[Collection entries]
lemma has_bochner_integral_psi_mult_deriv_deriv_psi:
  assumes "\<sigma> > 0" and "2 \<le> n"
  shows "has_bochner_integral lborel (\<lambda>p. psi \<sigma> n p * deriv (deriv (psi \<sigma> n)) p)
           (- ((4 * real n - 1) / (4 * real n - 2) / \<sigma>\<^sup>2))"
proof -
  let ?M = "gauss_moment \<sigma>"
  have "has_bochner_integral lborel (\<lambda>p. psi \<sigma> n p * deriv (deriv (psi \<sigma> n)) p)
          (NG \<sigma> n ^ 2 * (real n * (real n - 1) * ?M (2 * n - 2) + - (2 * real n + 1) / \<sigma>\<^sup>2 * ?M (2 * n)
                         + 1 / \<sigma> ^ 4 * ?M (2 * n + 2)))"
    unfolding psi_mult_deriv_deriv_psi[OF less_imp_neq[OF assms(1), symmetric] assms(2)]
    using assms
    by (intro has_bochner_integral_mult_right has_bochner_integral_add
        has_bochner_integral_half_gauss_mult) auto
  also have "NG \<sigma> n ^ 2 * (real n * (real n - 1) * ?M (2 * n - 2) + - (2 * real n + 1) / \<sigma>\<^sup>2 * ?M (2 * n)
                         + 1 / \<sigma> ^ 4 * ?M (2 * n + 2))
      = real n * (real n - 1) * (2 / ((2 * real n - 1) * \<sigma>\<^sup>2)) + - (2 * real n + 1) / \<sigma>\<^sup>2
        + 1 / \<sigma> ^ 4 * ((2 * real n + 1) * \<sigma>\<^sup>2 / 2)"
    using assms by (intro NG_sq_mult_gauss_moment_combination) auto
  also have "\<dots> = - ((4 * real n - 1) / (4 * real n - 2) / \<sigma>\<^sup>2)"
  proof -
    define y where "y = 2 * real n - 1"
    have y: "y > 0" "real n = (y + 1) / 2"
      using assms(2) by (auto simp: y_def)
    show ?thesis
      unfolding y(2) using y(1) assms(1) by (simp add: field_simps power2_eq_square power4_eq_xxxx)
  qed
  finally show ?thesis .
qed

lemma integrable_psi_square_div_p4:
  assumes "\<sigma> > 0" and "2 \<le> n"
  shows "integrable lborel (\<lambda>p. \<alpha> ^ 4 / p ^ 4 * \<tau> ^ 2 * psi \<sigma> n p ^ 2)"
proof -
  have "\<alpha> ^ 4 / p ^ 4 * \<tau> ^ 2 * psi \<sigma> n p ^ 2
      = \<alpha> ^ 4 * \<tau> ^ 2 * NG \<sigma> n ^ 2 * (half_gauss \<sigma> (n - 2) p * half_gauss \<sigma> (n - 2) p)" for p
  proof -
    have "p ^ n = p ^ (n - 2) * p\<^sup>2"
      using assms(2) by (metis le_add_diff_inverse2 power_add)
    then show ?thesis
      by (cases "p = 0") (simp_all add: psi_eq_half_gauss half_gauss_def power2_eq_square power4_eq_xxxx field_simps)
  qed
  moreover have "integrable lborel (\<lambda>p. \<alpha> ^ 4 * \<tau> ^ 2 * NG \<sigma> n ^ 2 * (half_gauss \<sigma> (n - 2) p * half_gauss \<sigma> (n - 2) p))"
    using assms(1)
    by (intro integrable_mult_right integrable.intros[OF has_bochner_integral_half_gauss_mult]) simp_all
  ultimately show ?thesis
    by simp
qed

lemma area_0_le: "area \<alpha> hb \<sigma> n 0 \<le> area \<alpha> hb \<sigma> n \<tau>"
proof -
  \<comment> \<open>No integrability is needed: a Bochner integral of a nonnegative function is nonnegative.\<close>
  have "0 \<le> (\<integral>p. \<alpha> ^ 4 / p ^ 4 * \<tau> ^ 2 * psi \<sigma> n p ^ 2 \<partial>lborel)"
    by (rule Bochner_Integration.integral_nonneg) simp
  then show ?thesis
    by (simp add: area_def)
qed

lemma area_0:
  assumes "\<sigma> > 0" and "2 \<le> n"
  shows "area \<alpha> hb \<sigma> n 0 = 4 * pi * hb ^ 2 / \<sigma> ^ 2 * ((4 * real n - 1) / (4 * real n - 2))"
  using has_bochner_integral_deriv_psi_square[OF assms]
  by (simp add: area_def has_bochner_integral_iff)

lemma expect_a_eq_0:
  assumes "\<sigma> > 0" and "2 \<le> n"
  shows "expect_a hb \<sigma> n = 0"
proof -
  have "expect_a hb \<sigma> n = (\<integral>p. complex_of_real (psi \<sigma> n p * deriv (psi \<sigma> n) p) * (\<i> * hb) \<partial>lborel)"
    unfolding expect_a_def by (simp add: mult_ac)
  also have "\<dots> = 0"
    using has_bochner_integral_psi_mult_deriv_psi[OF assms]
    by (simp only: integral_mult_left_zero integral_complex_of_real has_bochner_integral_integral_eq) simp
  finally show ?thesis .
qed

lemma expect_a2_eq:
  assumes "\<sigma> > 0" and "2 \<le> n"
  shows "expect_a2 hb \<sigma> n = complex_of_real (hb ^ 2 * ((4 * real n - 1) / (4 * real n - 2) / \<sigma>\<^sup>2))"
proof -
  have "expect_a2 hb \<sigma> n
      = (\<integral>p. complex_of_real (psi \<sigma> n p * deriv (deriv (psi \<sigma> n)) p) * (\<i> * hb) ^ 2 \<partial>lborel)"
    unfolding expect_a2_def by (simp add: mult_ac)
  also have "\<dots> = complex_of_real (- ((4 * real n - 1) / (4 * real n - 2) / \<sigma>\<^sup>2)) * (\<i> * hb) ^ 2"
    using has_bochner_integral_psi_mult_deriv_deriv_psi[OF assms]
    by (simp only: integral_mult_left_zero integral_complex_of_real has_bochner_integral_integral_eq)
  also have "\<dots> = complex_of_real (hb ^ 2 * ((4 * real n - 1) / (4 * real n - 2) / \<sigma>\<^sup>2))"
    by (simp add: power_mult_distrib)
  finally show ?thesis .
qed

lemma variance_a_eq:
  assumes "\<sigma> > 0" and "2 \<le> n"
  shows "variance_a hb \<sigma> n = complex_of_real (hb ^ 2 / \<sigma> ^ 2 * ((4 * real n - 1) / (4 * real n - 2)))"
  unfolding variance_a_def expect_a_eq_0[OF assms] expect_a2_eq[OF assms] by simp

-- What the task requires --
Please copy out the records exactly as they appear.

-- Written response --
lemma has_bochner_integral_psi_mult_deriv_deriv_psi:
  assumes "\<sigma> > 0" and "2 \<le> n"
  shows "has_bochner_integral lborel (\<lambda>p. psi \<sigma> n p * deriv (deriv (psi \<sigma> n)) p)
           (- ((4 * real n - 1) / (4 * real n - 2) / \<sigma>\<^sup>2))"
proof -
  let ?M = "gauss_moment \<sigma>"
  have "has_bochner_integral lborel (\<lambda>p. psi \<sigma> n p * deriv (deriv (psi \<sigma> n)) p)
          (NG \<sigma> n ^ 2 * (real n * (real n - 1) * ?M (2 * n - 2) + - (2 * real n + 1) / \<sigma>\<^sup>2 * ?M (2 * n)
                         + 1 / \<sigma> ^ 4 * ?M (2 * n + 2)))"
    unfolding psi_mult_deriv_deriv_psi[OF less_imp_neq[OF assms(1), symmetric] assms(2)]
    using assms
    by (intro has_bochner_integral_mult_right has_bochner_integral_add
        has_bochner_integral_half_gauss_mult) auto
  also have "NG \<sigma> n ^ 2 * (real n * (real n - 1) * ?M (2 * n - 2) + - (2 * real n + 1) / \<sigma>\<^sup>2 * ?M (2 * n)
                         + 1 / \<sigma> ^ 4 * ?M (2 * n + 2))
      = real n * (real n - 1) * (2 / ((2 * real n - 1) * \<sigma>\<^sup>2)) + - (2 * real n + 1) / \<sigma>\<^sup>2
        + 1 / \<sigma> ^ 4 * ((2 * real n + 1) * \<sigma>\<^sup>2 / 2)"
    using assms by (intro NG_sq_mult_gauss_moment_combination) auto
  also have "\<dots> = - ((4 * real n - 1) / (4 * real n - 2) / \<sigma>\<^sup>2)"
  proof -
    define y where "y = 2 * real n - 1"
    have y: "y > 0" "real n = (y + 1) / 2"
      using assms(2) by (auto simp: y_def)
    show ?thesis
      unfolding y(2) using y(1) assms(1) by (simp add: field_simps power2_eq_square power4_eq_xxxx)
  qed
  finally show ?thesis .
qed

lemma integrable_psi_square_div_p4:
  assumes "\<sigma> > 0" and "2 \<le> n"
  shows "integrable lborel (\<lambda>p. \<alpha> ^ 4 / p ^ 4 * \<tau> ^ 2 * psi \<sigma> n p ^ 2)"
proof -
  have "\<alpha> ^ 4 / p ^ 4 * \<tau> ^ 2 * psi \<sigma> n p ^ 2
      = \<alpha> ^ 4 * \<tau> ^ 2 * NG \<sigma> n ^ 2 * (half_gauss \<sigma> (n - 2) p * half_gauss \<sigma> (n - 2) p)" for p
  proof -
    have "p ^ n = p ^ (n - 2) * p\<^sup>2"
      using assms(2) by (metis le_add_diff_inverse2 power_add)
    then show ?thesis
      by (cases "p = 0") (simp_all add: psi_eq_half_gauss half_gauss_def power2_eq_square power4_eq_xxxx field_simps)
  qed
  moreover have "integrable lborel (\<lambda>p. \<alpha> ^ 4 * \<tau> ^ 2 * NG \<sigma> n ^ 2 * (half_gauss \<sigma> (n - 2) p * half_gauss \<sigma> (n - 2) p))"
    using assms(1)
    by (intro integrable_mult_right integrable.intros[OF has_bochner_integral_half_gauss_mult]) simp_all
  ultimately show ?thesis
    by simp
qed

lemma area_0_le: "area \<alpha> hb \<sigma> n 0 \<le> area \<alpha> hb \<sigma> n \<tau>"
proof -
  \<comment> \<open>No integrability is needed: a Bochner integral of a nonnegative function is nonnegative.\<close>
  have "0 \<le> (\<integral>p. \<alpha> ^ 4 / p ^ 4 * \<tau> ^ 2 * psi \<sigma> n p ^ 2 \<partial>lborel)"
    by (rule Bochner_Integration.integral_nonneg) simp
  then show ?thesis
    by (simp add: area_def)
qed

lemma area_0:
  assumes "\<sigma> > 0" and "2 \<le> n"
  shows "area \<alpha> hb \<sigma> n 0 = 4 * pi * hb ^ 2 / \<sigma> ^ 2 * ((4 * real n - 1) / (4 * real n - 2))"
  using has_bochner_integral_deriv_psi_square[OF assms]
  by (simp add: area_def has_bochner_integral_iff)

lemma expect_a_eq_0:
  assumes "\<sigma> > 0" and "2 \<le> n"
  shows "expect_a hb \<sigma> n = 0"
proof -
  have "expect_a hb \<sigma> n = (\<integral>p. complex_of_real (psi \<sigma> n p * deriv (psi \<sigma> n) p) * (\<i> * hb) \<partial>lborel)"
    unfolding expect_a_def by (simp add: mult_ac)
  also have "\<dots> = 0"
    using has_bochner_integral_psi_mult_deriv_psi[OF assms]
    by (simp only: integral_mult_left_zero integral_complex_of_real has_bochner_integral_integral_eq) simp
  finally show ?thesis .
qed

lemma expect_a2_eq:
  assumes "\<sigma> > 0" and "2 \<le> n"
  shows "expect_a2 hb \<sigma> n = complex_of_real (hb ^ 2 * ((4 * real n - 1) / (4 * real n - 2) / \<sigma>\<^sup>2))"
proof -
  have "expect_a2 hb \<sigma> n
      = (\<integral>p. complex_of_real (psi \<sigma> n p * deriv (deriv (psi \<sigma> n)) p) * (\<i> * hb) ^ 2 \<partial>lborel)"
    unfolding expect_a2_def by (simp add: mult_ac)
  also have "\<dots> = complex_of_real (- ((4 * real n - 1) / (4 * real n - 2) / \<sigma>\<^sup>2)) * (\<i> * hb) ^ 2"
    using has_bochner_integral_psi_mult_deriv_deriv_psi[OF assms]
    by (simp only: integral_mult_left_zero integral_complex_of_real has_bochner_integral_integral_eq)
  also have "\<dots> = complex_of_real (hb ^ 2 * ((4 * real n - 1) / (4 * real n - 2) / \<sigma>\<^sup>2))"
    by (simp add: power_mult_distrib)
  finally show ?thesis .
qed

lemma variance_a_eq:
  assumes "\<sigma> > 0" and "2 \<le> n"
  shows "variance_a hb \<sigma> n = complex_of_real (hb ^ 2 / \<sigma> ^ 2 * ((4 * real n - 1) / (4 * real n - 2)))"
  unfolding variance_a_def expect_a_eq_0[OF assms] expect_a2_eq[OF assms] by simp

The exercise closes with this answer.